Takes as an input a 3 column data frame (SampleID, TaxonID , Count) and returns a similar dataframe with revised Counts.

The other inputs are subsample size (target number of organisms in each sample) and seed. The seed is given so the results can be reproduced from the same input file. If no seed is given a random seed is used.

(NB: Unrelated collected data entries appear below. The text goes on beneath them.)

lemma sop_approx_tendsto:
  assumes k: "0 < k" "k < m" and ke: "ke > 0" and me: "me > 0" and a: "lam - 1 + lam * ge > 0"
  shows "((\<lambda>gd. sop_approx lam k m ke me ge gd * gd powr k)
    \<longlongrightarrow> Gamma (m - k) * (k * m) powr k * (lam - 1 + lam * ge) powr k / (Gamma k * Gamma m)
          * (1 / k + (((ke + 1) * (me + 1) / (ke * me) - 1) * (k - 1) * ge\<^sup>2 * lam\<^sup>2)
              / (2 * (lam - 1 + lam * ge)\<^sup>2))) at_top"
proof -
  have m: "m > 0" using k by simp
  define a X D where "a = lam - 1 + lam * ge" and "X = Gamma (m - k) * (k * m) powr k"
    and "D = Gamma k * Gamma m"
  have a_pos: "a > 0"
    using a by (simp add: a_def)
  note lim0 = filterlim_compose[OF gamma_scale_mix_cdf_tendsto[OF k] filterlim_divide_at_top_at_right_0[OF a_pos]]
  note lim2 = filterlim_compose[OF gamma_scale_mix_pdf_deriv_tendsto[OF k] filterlim_divide_at_top_at_right_0[OF a_pos]]
  have "((\<lambda>gd. gamma_scale_mix m 0 (gamma_cdf k) (a / gd) / (a / gd) powr k * a powr k
        + genK_var ke me ge / 2 * lam\<^sup>2
          * (gamma_scale_mix m 2 (gamma_pdf_deriv k) (a / gd) / (a / gd) powr (k - 2)) * a powr (k - 2))
      \<longlongrightarrow> X / D / k * a powr k + genK_var ke me ge / 2 * lam\<^sup>2 * (X / D * (k - 1)) * a powr (k - 2)) at_top"
    unfolding X_def D_def
    by (rule tendsto_add[OF tendsto_mult_right[OF lim0] tendsto_mult_right[OF tendsto_mult_left[OF lim2]]])
  moreover have "eventually (\<lambda>gd. gamma_scale_mix m 0 (gamma_cdf k) (a / gd) / (a / gd) powr k * a powr k
        + genK_var ke me ge / 2 * lam\<^sup>2
          * (gamma_scale_mix m 2 (gamma_pdf_deriv k) (a / gd) / (a / gd) powr (k - 2)) * a powr (k - 2)
      = sop_approx lam k m ke me ge gd * gd powr k) at_top"
    using eventually_gt_at_top[of 0]
    by eventually_elim (simp add: sop_approx_mult_powr_eq[OF k(1) m _ a] a_def)
  ultimately have "((\<lambda>gd. sop_approx lam k m ke me ge gd * gd powr k)
      \<longlongrightarrow> X / D / k * a powr k + genK_var ke me ge / 2 * lam\<^sup>2 * (X / D * (k - 1)) * a powr (k - 2)) at_top"
    by (rule Lim_transform_eventually)
  moreover have "D > 0"
    using k m by (simp add: D_def Gamma_real_pos)
  moreover have "genK_var ke me ge = ge\<^sup>2 * ((ke + 1) * (me + 1) / (ke * me) - 1)"
    using ke me by (rule genK_var_eq)
  moreover have "a powr (k - 2) = a powr k / a\<^sup>2"
    using a by (simp add: a_def powr_diff)
  ultimately show ?thesis
    using k a_pos unfolding a_def[symmetric] X_def[symmetric] D_def[symmetric] by (simp add: field_simps)
qed

theorem lemma1:
  fixes Rs lam kd md ke me ge v :: real
  assumes "Rs > 0" and "lam = 2 powr Rs"
    and "kd > 0" and "md > 0" and "ke > 0" and "me > 0" and "ge > 0"
    and "kd \<noteq> md" and "v = min kd md"
  shows "(\<lambda>gd. sop_approx lam kd md ke me ge gd
           - gd powr (- v) *
             (Gamma \<bar>kd - md\<bar> * (kd * md) powr v * (lam - 1 + lam * ge) powr v
               / (Gamma kd * Gamma md))
             * (1 / v + (((ke + 1) * (me + 1) / (ke * me) - 1) * (v - 1) * ge\<^sup>2 * lam\<^sup>2)
                   / (2 * (lam - 1 + lam * ge)\<^sup>2)))
         \<in> o[at_top](\<lambda>gd. gd powr (- v))"
proof -
  define k m where "k = min kd md" and "m = max kd md"
  have k: "0 < k" "k < m" and v: "v = k"
    using assms by (auto simp: k_def m_def)
  have sop: "sop_approx lam kd md ke me ge = sop_approx lam k m ke me ge"
    using assms sop_approx_commute[of kd md] by (auto simp: k_def m_def min_def max_def)
  have swap: "Gamma \<bar>kd - md\<bar> = Gamma (m - k)" "kd * md = k * m" "Gamma kd * Gamma md = Gamma k * Gamma m"
    by (auto simp: k_def m_def min_def max_def)
  have "lam > 1"
    using assms powr_less_mono[of 0 Rs 2] by simp
  then have "lam - 1 + lam * ge > 0"
    using assms(7) by (simp add: add_pos_pos)
  from smallo_powr_of_tendsto[OF sop_approx_tendsto[OF k assms(5,6) this]] show ?thesis
    unfolding sop v swap by (simp only: mult.assoc)
qed

end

rarify(inbug, sample.ID, abund, subsiz, mySeed = NA)

Arguments

inbug

Input data frame. Needs 3 columns (SampleID, taxonomicID , Count).

sample.ID

Column name in inbug for sample identifier.

abund

Column name in inbug for organism count.

subsiz

Target subsample size for each sample.

mySeed

Seed for random number generator. If provided the results with the same inbug file will produce the same results. Defaut = NA (random seed will be used.)

Value

Returns a data frame with the same three columns but the abund field has been modified so the total count for each sample is no longer above the target (subsiz).

Details

rarify function: R function to rarify (subsample) a macroinvertebrate sample down to a fixed count; by John Van Sickle, USEPA. email: VanSickle.John@epa.gov ; Version 1.0, 06/10/05;

Examples

# Subsample to 500 organisms (from over 500 organisms) for 12 samples.

# load bio data
df_biodata <- data_bio2rarify
dim(df_biodata)
#> [1] 350   3
if (FALSE) {
View(df_biodata)
}

# subsample
mySize <- 500
Seed_OR <- 18590214
Seed_WA <- 18891111
Seed_US <- 17760704
bugs_mysize <- rarify(inbug=df_biodata, sample.ID="SampleID"
                     ,abund="N_Taxa",subsiz=mySize, mySeed=Seed_US)
#> Rarify of samples complete. 
#>  Number of samples =  12 
#>  Execution time (sec) =  0.00800000000000267 

# view results
dim(bugs_mysize)
#> [1] 350   3
if (FALSE) {
View(bugs_mysize)
}

# Compare pre- and post- subsample counts
df_compare <- merge(df_biodata, bugs_mysize, by=c("SampleID", "TaxaID")
                    , suffixes = c("_Orig","_500"))
df_compare <- df_compare[, c("SampleID"
                             , "TaxaID"
                             , "N_Taxa_Orig"
                             , "N_Taxa_500")]

if (FALSE) {
View(df_compare)
}

# compare totals
tbl_totals <- aggregate(cbind(N_Taxa_Orig, N_Taxa_500) ~ SampleID
                                                     , df_compare, sum)

if (FALSE) {
View(tbl_totals)

# save the data
write.table(bugs_mysize
            , file.path(tempdir(), paste("bugs", mySize, "txt", sep = "."))
                                         , sep = "\t")
# Open tempdir (Windows only)
shell.exec(tempdir())
}